The only way you get "dynamic" key names is by using mapReduce instead:
db.collection.mapReduce(
function () {
var obj = { };
var category = this.category;
delete this.user;
delete this.category;
obj[category] = [this];
emit(null,obj);
},
function (key,values) {
var reduced = {};
values.forEach(function(value) {
Object.keys(value).forEach(function(key) {
if ( !reduced.hasOwnProperty(key) )
reduced[key] = [];
value[key].forEach(function(item) {
reduced[key].push(item);
});
});
});
return reduced;
},
{
"query": { "user": "1" },
"out": { "inline": 1 }
}
)
So now the key generation is dynamic, but the output is done in a very mapReduce way:
{
"_id" : null,
"value" : {
"phones" : [
{
"_id" : "1",
"field1" : "value1",
"field2" : "value2",
"tags" : [
"tag1",
"tag3"
]
},
{
"_id" : "2",
"field1" : "value1",
"field2" : "value2",
"tags" : [
"tag2",
"tag3"
]
}
],
"bikes" : [
{
"_id" : "3",
"field1" : "value1",
"field2" : "value2",
"tags" : [
"tag3",
"tag4"
]
}
]
}
}
So the output is constrained by how mapReduce directs outut and evaluating the JavaScript here will be slower than the native operations of the aggregation framework. More power in manipulation, but that is the trade-off.
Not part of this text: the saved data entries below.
lemma proper_col_recolour_classes:
  assumes "proper_col V E k c" "proper_col V E k d" "J \<subseteq> {1..k}"
    and "inj_on g (d ` {v \<in> V. c v \<in> J})" "g ` d ` {v \<in> V. c v \<in> J} \<subseteq> J"
  shows "proper_col V E k (\<lambda>v. if c v \<in> J then g (d v) else c v)"
proof -
  have g_into: "g (d v) \<in> J" if "v \<in> V" "c v \<in> J" for v
    using assms(5) that by blast
  show ?thesis
    unfolding proper_col_def
  proof (intro conjI ballI impI)
    fix v assume "v \<in> V"
    show "(if c v \<in> J then g (d v) else c v) \<in> {1..k}"
    proof (cases "c v \<in> J")
      case True
      then show ?thesis
        using g_into[OF \<open>v \<in> V\<close> True] assms(3) by (subst if_P) blast+
    next
      case False
      then show ?thesis
        using proper_col_image[OF assms(1)] \<open>v \<in> V\<close> by (subst if_not_P) blast+
    qed
  next
    fix u v assume "u \<in> V" "v \<in> V" "E u v"
    then have "c u \<noteq> c v" "d u \<noteq> d v"
      using assms(1,2) by (auto simp: proper_col_def)
    moreover have "g (d u) \<noteq> g (d v)" if "c u \<in> J" "c v \<in> J"
      using inj_on_eq_iff[OF assms(4)] \<open>d u \<noteq> d v\<close> \<open>u \<in> V\<close> \<open>v \<in> V\<close> that by blast
    ultimately show "(if c u \<in> J then g (d u) else c u) \<noteq> (if c v \<in> J then g (d v) else c v)"
      using g_into[OF \<open>u \<in> V\<close>] g_into[OF \<open>v \<in> V\<close>] by auto
  qed
qed

lemma chromatic_hall_condition:
  assumes "k = chromatic_number V E" "proper_col V E k c" "proper_col V E k d" "J \<subseteq> {1..k}"
  shows "card J \<le> card (d ` {v \<in> V. c v \<in> J})"
proof (rule ccontr)
  let ?N = "d ` {v \<in> V. c v \<in> J}"
  assume "\<not> card J \<le> card ?N"
  then have less: "card ?N < card J"
    by simp
  have "?N \<subseteq> {1..k}"
    using proper_col_image[OF assms(3)] by blast
  then have fin: "finite ?N" "finite J"
    using assms(4) by (auto intro: finite_subset)
  then obtain g where g: "g ` ?N \<subseteq> J" "inj_on g ?N"
    using card_le_inj[OF fin less_imp_le[OF less]] by metis
  have "\<not> J \<subseteq> g ` ?N"
  proof
    assume "J \<subseteq> g ` ?N"
    then have "card J \<le> card (g ` ?N)"
      using finite_imageI[OF fin(1)] by (rule card_mono[rotated])
    then show False
      using less card_image[OF g(2)] by simp
  qed
  then obtain j where j: "j \<in> J" "j \<notin> g ` ?N"
    by blast
  then have "j \<in> {1..k}"
    using assms(4) by blast
  moreover have "proper_col V E k (\<lambda>v. if c v \<in> J then g (d v) else c v)"
    using proper_col_recolour_classes[OF assms(2-4) g(2,1)] .
  ultimately obtain v where v: "v \<in> V" "(if c v \<in> J then g (d v) else c v) = j"
    using chromatic_colouring_uses_all_colours[OF assms(1)] by blast
  show False
  proof (cases "c v \<in> J")
    case True
    then have "g (d v) \<in> g ` ?N"
      using v(1) by (intro imageI) simp
    then show False
      using True v(2) j(2) by simp
  next
    case False
    then show False
      using v j(1) by simp
  qed
qed

lemma chromatic_colourings_matching:
  assumes "finite V" "k = chromatic_number V E" "proper_col V E k c" "proper_col V E k d"
  obtains \<sigma> x where "bij_betw \<sigma> {1..k} {1..k}"
    "\<And>m. m \<in> {1..k} \<Longrightarrow> x m \<in> V \<and> c (x m) = m \<and> d (x m) = \<sigma> m"
proof -
  let ?F = "\<lambda>m. d ` {v \<in> V. c v = m}"
  have "\<exists>\<sigma>. inj_on \<sigma> {1..k} \<and> (\<forall>m\<in>{1..k}. \<sigma> m \<in> ?F m)"
  proof (rule hall_marriage)
    show "\<forall>m\<in>{1..k}. finite (?F m)"
      using assms(1) by simp
    fix J assume "J \<subseteq> {1..k}"
    moreover have "\<Union>(?F ` J) = d ` {v \<in> V. c v \<in> J}"
      by blast
    ultimately show "card J \<le> card (\<Union>(?F ` J))"
      using chromatic_hall_condition[OF assms(2-4)] by simp
  qed simp
  then obtain \<sigma> where \<sigma>: "inj_on \<sigma> {1..k}" "\<forall>m\<in>{1..k}. \<sigma> m \<in> ?F m"
    by blast
  have "\<sigma> ` {1..k} \<subseteq> {1..k}"
    using \<sigma>(2) proper_col_image[OF assms(4)] by blast
  then have "bij_betw \<sigma> {1..k} {1..k}"
    using \<sigma>(1) endo_inj_surj[of "{1..k}" \<sigma>] by (simp add: bij_betw_def)
  moreover have "\<forall>m\<in>{1..k}. \<exists>v. v \<in> V \<and> c v = m \<and> d v = \<sigma> m"
    using \<sigma>(2) by force
  then obtain x where "\<forall>m\<in>{1..k}. x m \<in> V \<and> c (x m) = m \<and> d (x m) = \<sigma> m"
    using bchoice by metis
  ultimately show ?thesis
    using that by blast
qed
theorem mainTheorem11:
  fixes q :: nat and u v :: "nat \<Rightarrow> int"
  assumes "q \<ge> 1"
    and "\<And>N. odd N \<Longrightarrow> N \<ge> 5 \<Longrightarrow> u N \<in> ZN N \<and> v N \<in> ZN N \<and> (v N - u N) mod int N = int q mod int N"
  shows "(\<lambda>N. eff_resistance (ZN N) (G1_adj N) (u N) (v N))
           \<sim>[inf at_top (principal {N. odd N})] (\<lambda>N. 2 / real N)"
proof (rule asymp_equiv_sandwich_real)
  let ?F = "inf at_top (principal {N::nat. odd N})"
  let ?err = "\<lambda>N. 4 / ((real N - 4) * (real N - 2))"
  show "(\<lambda>N. 2 / (real N - 2) - ?err N) \<sim>[?F] (\<lambda>N. 2 / real N)"
       "(\<lambda>N. 2 / (real N - 2) + ?err N) \<sim>[?F] (\<lambda>N. 2 / real N)"
    by (rule asymp_equiv_filter_mono[OF inf_le1], real_asymp)+
  show "\<forall>\<^sub>F N in ?F. eff_resistance (ZN N) (G1_adj N) (u N) (v N)
                     \<in> {2 / (real N - 2) - ?err N..2 / (real N - 2) + ?err N}"
    unfolding eventually_inf_principal
  proof (rule eventually_mono[OF eventually_ge_at_top[of "max 5 (q + 1)"]], intro impI)
    fix N :: nat assume N: "max 5 (q + 1) \<le> N" and "N \<in> {N. odd N}"
    then have uv: "u N \<in> ZN N" "v N \<in> ZN N" "(v N - u N) mod int N = int q"
      using assms(2)[of N] by auto
    have "u N \<noteq> v N"
      using uv(3) assms(1) by auto
    moreover have "N \<ge> 5"
      using N by simp
    ultimately have "\<bar>eff_resistance (ZN N) (G1_adj N) (u N) (v N) - 2 / (real N - 2)\<bar> \<le> ?err N"
      using uv by (intro G1_eff_resistance_approx)
    then show "eff_resistance (ZN N) (G1_adj N) (u N) (v N)
                 \<in> {2 / (real N - 2) - ?err N..2 / (real N - 2) + ?err N}"
      by (simp only: abs_diff_le_iff atLeastAtMost_iff)
  qed
qed

end
(* There exist absolute constants $N_0\ge1$ and $C>0$ such that the following holds. Let $c_*\ge N_0$, $T>1$, and let $B\subset\mathbb{R}^3$ be a ball of radius $c_*/100$ (arbitrary center). Set $$V=\{(\xi,n)\in\mathbb{R}^2\times\mathbb{Z}:\ c_*-1\le|(\xi,n)|\le c_*+1\}\cap B,$$ and for $a,b\in V$ set $$U=U_{a,b}=\{\zeta\in\mathbb{R}^3:\ c_*-1\le|\zeta|\le c_*+1,\ |(\zeta-a)\cdot(\zeta-b)|\le \tfrac1T\}.$$ Then for all $a,b\in V$, $$\sum_{n\in\mathbb{Z}}\int_{\mathbb{R}^2}\mathbf{1}_U(\xi,n)\,d\xi\le \frac{C}{T}.$$
   Context: $\mathbb{R}^2\times\mathbb{Z}$ is viewed as a subset of $\mathbb{R}^3$, and $|\cdot|$, $\cdot$ denote the Euclidean norm and inner product on $\mathbb{R}^3$. *)

theory Defs
  imports "HOL-Analysis.Analysis"
begin

text \<open>R^3 is modelled as the Euclidean space (real \<times> real) \<times> real, so that
  R^2 \<times> Z sits inside it as points (xi, of_int n).\<close>

definition Vset :: "real \<Rightarrow> ((real \<times> real) \<times> real) \<Rightarrow> ((real \<times> real) \<times> real) set" where
  "Vset cs ctr = {p. snd p \<in> \<int> \<and> cs - 1 \<le> norm p \<and> norm p \<le> cs + 1} \<inter> cball ctr (cs / 100)"

definition Uset :: "real \<Rightarrow> real \<Rightarrow> ((real \<times> real) \<times> real) \<Rightarrow> ((real \<times> real) \<times> real)
    \<Rightarrow> ((real \<times> real) \<times> real) set" where
  "Uset cs T a b = {z. cs - 1 \<le> norm z \<and> norm z \<le> cs + 1 \<and> \<bar>(z - a) \<bullet> (z - b)\<bar> \<le> 1 / T}"

end

theory Submission
  imports Defs
begin

(* Let m be the midpoint of a and b, e = m / |m| and r^2 = |a - b|^2 / 4.  The identities
     (z - a) \<bullet> (z - b) = |z - m|^2 - r^2,
     4 m \<bullet> (z - m) = 2 |z|^2 - |a|^2 - |b|^2 - 2 (z - a) \<bullet> (z - b)
   and |m| \<ge> c_*/2 show that z - m lies in the shell slab
   {w. ||w|^2 - r^2| \<le> 1/T \<and> |e \<bullet> w| \<le> 5} for every z in U.
   A horizontal slice of this shell slab at height t is an annulus of area 2 pi / T
   cut by a strip of width 10/p, where p is the length of the horizontal part of e.
   After a shear the strip becomes a band whose fibers are chords of the annulus.  With
   Lambda = p sqrt (r^2 + 1/T - 25), the chords at depth d = Lambda - 5 |e_3| - |t| > 0
   have length O(p / (T sqrt (Lambda d))), so the slice has area O(1 / (T sqrt (Lambda d)));
   and the slice is empty once |t| > Lambda + 5 |e_3| + 5.  On either side of the centre
   the depths at integer heights are 1-separated and at most Lambda, so their inverse
   square roots sum to at most 4 sqrt Lambda: the central slices contribute O(1/T), and
   the boundedly many remaining ones at most 2 pi / T each. *)

section \<open>Sums of inverse square roots\<close>

lemma sum_inverse_sqrt_le: "(\<Sum>k=1..K. 1 / sqrt (real k)) \<le> 2 * sqrt (real K)"
proof (induction K)
  case (Suc K)
  have "sqrt (real K) * sqrt (real (Suc K)) \<le> real K + 1/2"
  proof -
    have "sqrt (real K) * sqrt (real (Suc K)) = sqrt (real K * real (Suc K))"
      by (simp add: real_sqrt_mult)
    also have "\<dots> \<le> sqrt ((real K + 1/2)^2)"
      by (rule real_sqrt_le_mono) (simp add: power2_eq_square algebra_simps)
    finally show ?thesis by simp
  qed
  then have "1 / sqrt (real (Suc K)) \<le> 2 * sqrt (real (Suc K)) - 2 * sqrt (real K)"
    by (simp add: field_simps)
  with Suc show ?case by simp
qed simp

lemma sum_inverse_sqrt_separated_le:
  fixes x :: "'a \<Rightarrow> real"
  assumes "finite N" "0 \<le> \<Lambda>"
    and sep: "\<And>i j. i \<in> N \<Longrightarrow> j \<in> N \<Longrightarrow> i \<noteq> j \<Longrightarrow> 1 \<le> \<bar>x i - x j\<bar>"
    and x: "\<And>i. i \<in> N \<Longrightarrow> 1 \<le> x i \<and> x i \<le> \<Lambda>"
  shows "(\<Sum>i\<in>N. 1 / sqrt (x i)) \<le> 2 * sqrt \<Lambda>"
proof -
  define k where "k i = nat \<lfloor>x i\<rfloor>" for i
  have k_le: "1 \<le> k i \<and> real (k i) \<le> x i \<and> k i \<le> nat \<lfloor>\<Lambda>\<rfloor>" if "i \<in> N" for i
  proof -
    have "1 \<le> x i" "x i \<le> \<Lambda>" using x[OF that] by auto
    moreover have "real_of_int \<lfloor>x i\<rfloor> \<le> x i" by (rule of_int_floor_le)
    moreover have "\<lfloor>x i\<rfloor> \<le> \<lfloor>\<Lambda>\<rfloor>" using \<open>x i \<le> \<Lambda>\<close> by (rule floor_mono)
    ultimately show ?thesis unfolding k_def by (simp add: le_nat_iff le_floor_iff nat_mono)
  qed
  have "inj_on k N"
  proof (rule inj_onI)
    fix i j assume "i \<in> N" "j \<in> N" "k i = k j"
    moreover have "0 \<le> \<lfloor>x i\<rfloor>" "0 \<le> \<lfloor>x j\<rfloor>" using x \<open>i \<in> N\<close> \<open>j \<in> N\<close> by fastforce+
    ultimately have "\<lfloor>x i\<rfloor> = \<lfloor>x j\<rfloor>" by (simp only: k_def eq_nat_nat_iff)
    then have "\<bar>x i - x j\<bar> < 1" by linarith
    then show "i = j" using sep[OF \<open>i \<in> N\<close> \<open>j \<in> N\<close>] by linarith
  qed
  have "(\<Sum>i\<in>N. 1 / sqrt (x i)) \<le> (\<Sum>i\<in>N. 1 / sqrt (real (k i)))"
  proof (rule sum_mono)
    fix i assume "i \<in> N"
    then have "1 \<le> real (k i)" "real (k i) \<le> x i" using k_le by auto
    then show "1 / sqrt (x i) \<le> 1 / sqrt (real (k i))"
      by (intro divide_left_mono real_sqrt_le_mono mult_pos_pos) auto
  qed
  also have "\<dots> = (\<Sum>j\<in>k ` N. 1 / sqrt (real j))"
    by (simp add: sum.reindex[OF \<open>inj_on k N\<close>])
  also have "\<dots> \<le> (\<Sum>j=1..nat \<lfloor>\<Lambda>\<rfloor>. 1 / sqrt (real j))"
    using k_le by (intro sum_mono2) auto
  also have "\<dots> \<le> 2 * sqrt (real (nat \<lfloor>\<Lambda>\<rfloor>))" by (rule sum_inverse_sqrt_le)
  also have "\<dots> \<le> 2 * sqrt \<Lambda>"
    using \<open>0 \<le> \<Lambda>\<close> by simp
  finally show ?thesis .
qed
To conclude this, if you stick with the pattern then the first way with the aggregation framework is the fastest and best way to do this, plus you could always restructure the result once returned from the server. If you insist on breaking the pattern and need dynamic keys to come from the server then mapReduce will do it where the other aggregation framework is deemed impractical.